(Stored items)

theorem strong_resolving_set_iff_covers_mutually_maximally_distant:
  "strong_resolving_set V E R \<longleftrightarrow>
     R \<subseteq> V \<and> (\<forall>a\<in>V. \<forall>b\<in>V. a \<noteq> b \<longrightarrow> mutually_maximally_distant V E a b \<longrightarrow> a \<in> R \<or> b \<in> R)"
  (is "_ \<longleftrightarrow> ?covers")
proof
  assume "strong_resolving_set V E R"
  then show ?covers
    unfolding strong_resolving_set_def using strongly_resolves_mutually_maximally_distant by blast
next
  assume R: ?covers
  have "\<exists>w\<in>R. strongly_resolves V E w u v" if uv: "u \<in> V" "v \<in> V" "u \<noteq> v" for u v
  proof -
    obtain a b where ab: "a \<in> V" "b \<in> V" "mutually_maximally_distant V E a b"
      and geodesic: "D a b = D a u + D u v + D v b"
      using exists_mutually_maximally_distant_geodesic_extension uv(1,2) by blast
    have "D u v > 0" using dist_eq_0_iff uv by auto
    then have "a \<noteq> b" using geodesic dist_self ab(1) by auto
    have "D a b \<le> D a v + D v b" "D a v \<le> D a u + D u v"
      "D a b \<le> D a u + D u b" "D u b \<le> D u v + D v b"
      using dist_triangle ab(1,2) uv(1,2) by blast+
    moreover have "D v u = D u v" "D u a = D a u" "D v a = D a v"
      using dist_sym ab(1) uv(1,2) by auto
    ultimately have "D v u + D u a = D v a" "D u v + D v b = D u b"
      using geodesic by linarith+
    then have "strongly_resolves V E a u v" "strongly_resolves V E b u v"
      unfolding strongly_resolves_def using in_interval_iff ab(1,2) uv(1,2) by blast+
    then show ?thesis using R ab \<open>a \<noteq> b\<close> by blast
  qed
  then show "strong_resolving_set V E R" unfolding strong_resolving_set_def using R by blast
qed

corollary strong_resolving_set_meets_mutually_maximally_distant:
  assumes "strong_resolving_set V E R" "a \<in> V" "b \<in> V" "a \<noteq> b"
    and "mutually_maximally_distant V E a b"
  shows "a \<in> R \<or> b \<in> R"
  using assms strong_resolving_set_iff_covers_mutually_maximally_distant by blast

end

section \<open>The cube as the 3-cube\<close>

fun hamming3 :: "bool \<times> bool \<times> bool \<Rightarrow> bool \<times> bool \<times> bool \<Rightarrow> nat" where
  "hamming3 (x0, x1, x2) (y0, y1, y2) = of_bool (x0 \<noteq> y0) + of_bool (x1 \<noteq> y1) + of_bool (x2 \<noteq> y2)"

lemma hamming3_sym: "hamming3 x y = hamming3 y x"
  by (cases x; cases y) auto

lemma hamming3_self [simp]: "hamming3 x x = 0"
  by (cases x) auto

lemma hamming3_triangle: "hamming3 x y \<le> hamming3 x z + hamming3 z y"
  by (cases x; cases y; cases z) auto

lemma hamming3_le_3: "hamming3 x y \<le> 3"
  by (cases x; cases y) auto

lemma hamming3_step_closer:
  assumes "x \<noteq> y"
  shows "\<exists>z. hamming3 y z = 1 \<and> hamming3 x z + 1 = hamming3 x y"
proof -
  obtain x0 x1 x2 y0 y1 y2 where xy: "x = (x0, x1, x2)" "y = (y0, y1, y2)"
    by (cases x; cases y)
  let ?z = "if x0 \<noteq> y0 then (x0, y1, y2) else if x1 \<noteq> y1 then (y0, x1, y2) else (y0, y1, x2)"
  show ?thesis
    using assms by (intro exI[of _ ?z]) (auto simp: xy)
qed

* * *

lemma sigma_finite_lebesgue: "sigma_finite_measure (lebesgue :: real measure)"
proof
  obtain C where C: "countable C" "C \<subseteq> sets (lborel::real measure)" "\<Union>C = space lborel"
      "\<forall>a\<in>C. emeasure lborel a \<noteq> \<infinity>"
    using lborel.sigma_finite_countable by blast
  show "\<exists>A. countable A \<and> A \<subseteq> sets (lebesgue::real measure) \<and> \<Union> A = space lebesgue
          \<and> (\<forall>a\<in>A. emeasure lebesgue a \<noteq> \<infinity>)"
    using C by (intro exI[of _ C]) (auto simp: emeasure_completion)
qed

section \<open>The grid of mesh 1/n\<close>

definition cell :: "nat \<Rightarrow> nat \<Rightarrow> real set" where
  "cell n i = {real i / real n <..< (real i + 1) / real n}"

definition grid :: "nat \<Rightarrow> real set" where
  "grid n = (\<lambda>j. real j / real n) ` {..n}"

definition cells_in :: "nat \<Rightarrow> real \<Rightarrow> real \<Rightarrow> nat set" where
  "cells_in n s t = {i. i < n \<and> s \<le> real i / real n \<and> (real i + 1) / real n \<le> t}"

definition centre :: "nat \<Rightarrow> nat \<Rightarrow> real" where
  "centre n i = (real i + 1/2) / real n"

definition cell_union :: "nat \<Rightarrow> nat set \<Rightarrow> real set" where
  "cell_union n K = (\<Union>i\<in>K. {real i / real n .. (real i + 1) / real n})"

• [WORK TASK] Look through the records and copy every line that has the word "blast".

• [TASK SOLUTION]
    unfolding strong_resolving_set_def using strongly_resolves_mutually_maximally_distant by blast
      using exists_mutually_maximally_distant_geodesic_extension uv(1,2) by blast
      using dist_triangle ab(1,2) uv(1,2) by blast+
      unfolding strongly_resolves_def using in_interval_iff ab(1,2) uv(1,2) by blast+
    then show ?thesis using R ab \<open>a \<noteq> b\<close> by blast
  then show "strong_resolving_set V E R" unfolding strong_resolving_set_def using R by blast
  using assms strong_resolving_set_iff_covers_mutually_maximally_distant by blast
    using lborel.sigma_finite_countable by blast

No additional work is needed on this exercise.